# WHAT YOU HAVE TO DO:
Could you reproduce, exactly as written, every line from the one containing "sm V \<longleftrightarrow>" through the last line of the records, and nothing else?

[Stored items]
--*--

(* Let $\Omega\subset\mathbb{R}^d$ be open, $E$ a non-trivial locally convex Hausdorff space over $\mathbb{K}$ and $\mathcal{FV}(\Omega)$ a dom-space such that $\mathcal{FV}(\Omega)\subset\mathcal{C}^1(\Omega)$ as a linear subspace. If $\delta\in\mathcal{C}^1(\Omega,\mathcal{FV}(\Omega)'_\kappa)$, where $\delta(x):=\delta_x$, then for all $u\in\mathcal{FV}(\Omega)\varepsilon E$ we have $S(u)\in\mathcal{C}^1(\Omega,E)$ and $(\partial^{e_n})^E S(u)(x)=u(\delta_x\circ(\partial^{e_n})^{\mathbb{K}})$ for all $x\in\Omega$ and $1\le n\le d$.
   Context: $\mathbb{K}\in\{\mathbb{R},\mathbb{C}\}$. For a locally convex space $Z$ and $f\colon\Omega\to Z$, $(\partial^{e_n})^Z f(x):=\lim_{h\to0,\,h\in\mathbb{R}\setminus\{0\}}\frac{f(x+he_n)-f(x)}{h}$ ($e_n$ the $n$-th unit vector); $f\in\mathcal{C}^1(\Omega,Z)$ if these limits exist for all $x$, $n$ and each $(\partial^{e_n})^Z f$ is continuous; $\mathcal{C}^1(\Omega):=\mathcal{C}^1(\Omega,\mathbb{K})$. Framework: $J,M$ non-empty index sets, $(\omega_m)_{m\in M}$ non-empty sets, $\nu_{j,m}\colon\omega_m\to[0,\infty)$ such that for all $m$, $x\in\omega_m$ some $\nu_{j,m}(x)>0$; $\operatorname{AP}(\Omega)\subset\mathbb{K}^\Omega$ a linear subspace; $T_m\colon\operatorname{dom}T_m\to\mathbb{K}^{\omega_m}$ linear maps on linear subspaces of $\mathbb{K}^\Omega$; $\mathcal{FV}(\Omega):=\{f\in\operatorname{AP}(\Omega)\cap\bigcap_m\operatorname{dom}T_m: |f|_{j,m}:=\sup_{x\in\omega_m}|T_m(f)(x)|\nu_{j,m}(x)<\infty\ \forall j,m\}$ with these seminorms. It is a dom-space if it is Hausdorff, the seminorms are directed and every $\delta_x\colon f\mapsto f(x)$ belongs to $\mathcal{FV}(\Omega)'$. $\mathcal{FV}(\Omega)'_\kappa$: dual with the topology of uniform convergence on absolutely convex compact subsets of $\mathcal{FV}(\Omega)$. $\mathcal{FV}(\Omega)\varepsilon E$: continuous linear maps $\mathcal{FV}(\Omega)'_\kappa\to E$ with the topology of uniform convergence on equicontinuous sets; $S(u)(x):=u(\delta_x)$. $\delta_x\circ(\partial^{e_n})^{\mathbb{K}}$ is the functional $f\mapsto(\partial^{e_n})^{\mathbb{K}}f(x)$ on $\mathcal{FV}(\Omega)$. *)

theory Defs
  imports "HOL-Analysis.Analysis" "HOL-Library.Function_Algebras"
begin

text \<open>A locally convex space is represented by a carrier V (a linear subspace of an
  abelian group type, with a scalar multiplication sm) and a set P of seminorms on V.\<close>

definition lc_topology :: "'v::ab_group_add set \<Rightarrow> ('v \<Rightarrow> real) set \<Rightarrow> 'v topology" where
  "lc_topology V P = topology (\<lambda>U. U \<subseteq> V \<and>
     (\<forall>x\<in>U. \<exists>F \<epsilon>. finite F \<and> F \<subseteq> P \<and> \<epsilon> > 0 \<and>
        {y\<in>V. \<forall>p\<in>F. p (y - x) < \<epsilon>} \<subseteq> U))"

definition subspace_on :: "('k::real_normed_field \<Rightarrow> 'v::ab_group_add \<Rightarrow> 'v) \<Rightarrow> 'v set \<Rightarrow> bool" where
  "subspace_on sm V \<longleftrightarrow> 0 \<in> V \<and> (\<forall>x\<in>V. \<forall>y\<in>V. x + y \<in> V) \<and> (\<forall>c. \<forall>x\<in>V. sm c x \<in> V)"

definition seminorm_on :: "('k::real_normed_field \<Rightarrow> 'v::ab_group_add \<Rightarrow> 'v) \<Rightarrow> 'v set \<Rightarrow> ('v \<Rightarrow> real) \<Rightarrow> bool" where
  "seminorm_on sm V p \<longleftrightarrow> (\<forall>x\<in>V. 0 \<le> p x) \<and> (\<forall>x\<in>V. \<forall>y\<in>V. p (x + y) \<le> p x + p y)
     \<and> (\<forall>c. \<forall>x\<in>V. p (sm c x) = norm c * p x)"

--*--

# SOLUTION TO THIS PROBLEM:
  "subspace_on sm V \<longleftrightarrow> 0 \<in> V \<and> (\<forall>x\<in>V. \<forall>y\<in>V. x + y \<in> V) \<and> (\<forall>c. \<forall>x\<in>V. sm c x \<in> V)"

definition seminorm_on :: "('k::real_normed_field \<Rightarrow> 'v::ab_group_add \<Rightarrow> 'v) \<Rightarrow> 'v set \<Rightarrow> ('v \<Rightarrow> real) \<Rightarrow> bool" where
  "seminorm_on sm V p \<longleftrightarrow> (\<forall>x\<in>V. 0 \<le> p x) \<and> (\<forall>x\<in>V. \<forall>y\<in>V. p (x + y) \<le> p x + p y)
     \<and> (\<forall>c. \<forall>x\<in>V. p (sm c x) = norm c * p x)"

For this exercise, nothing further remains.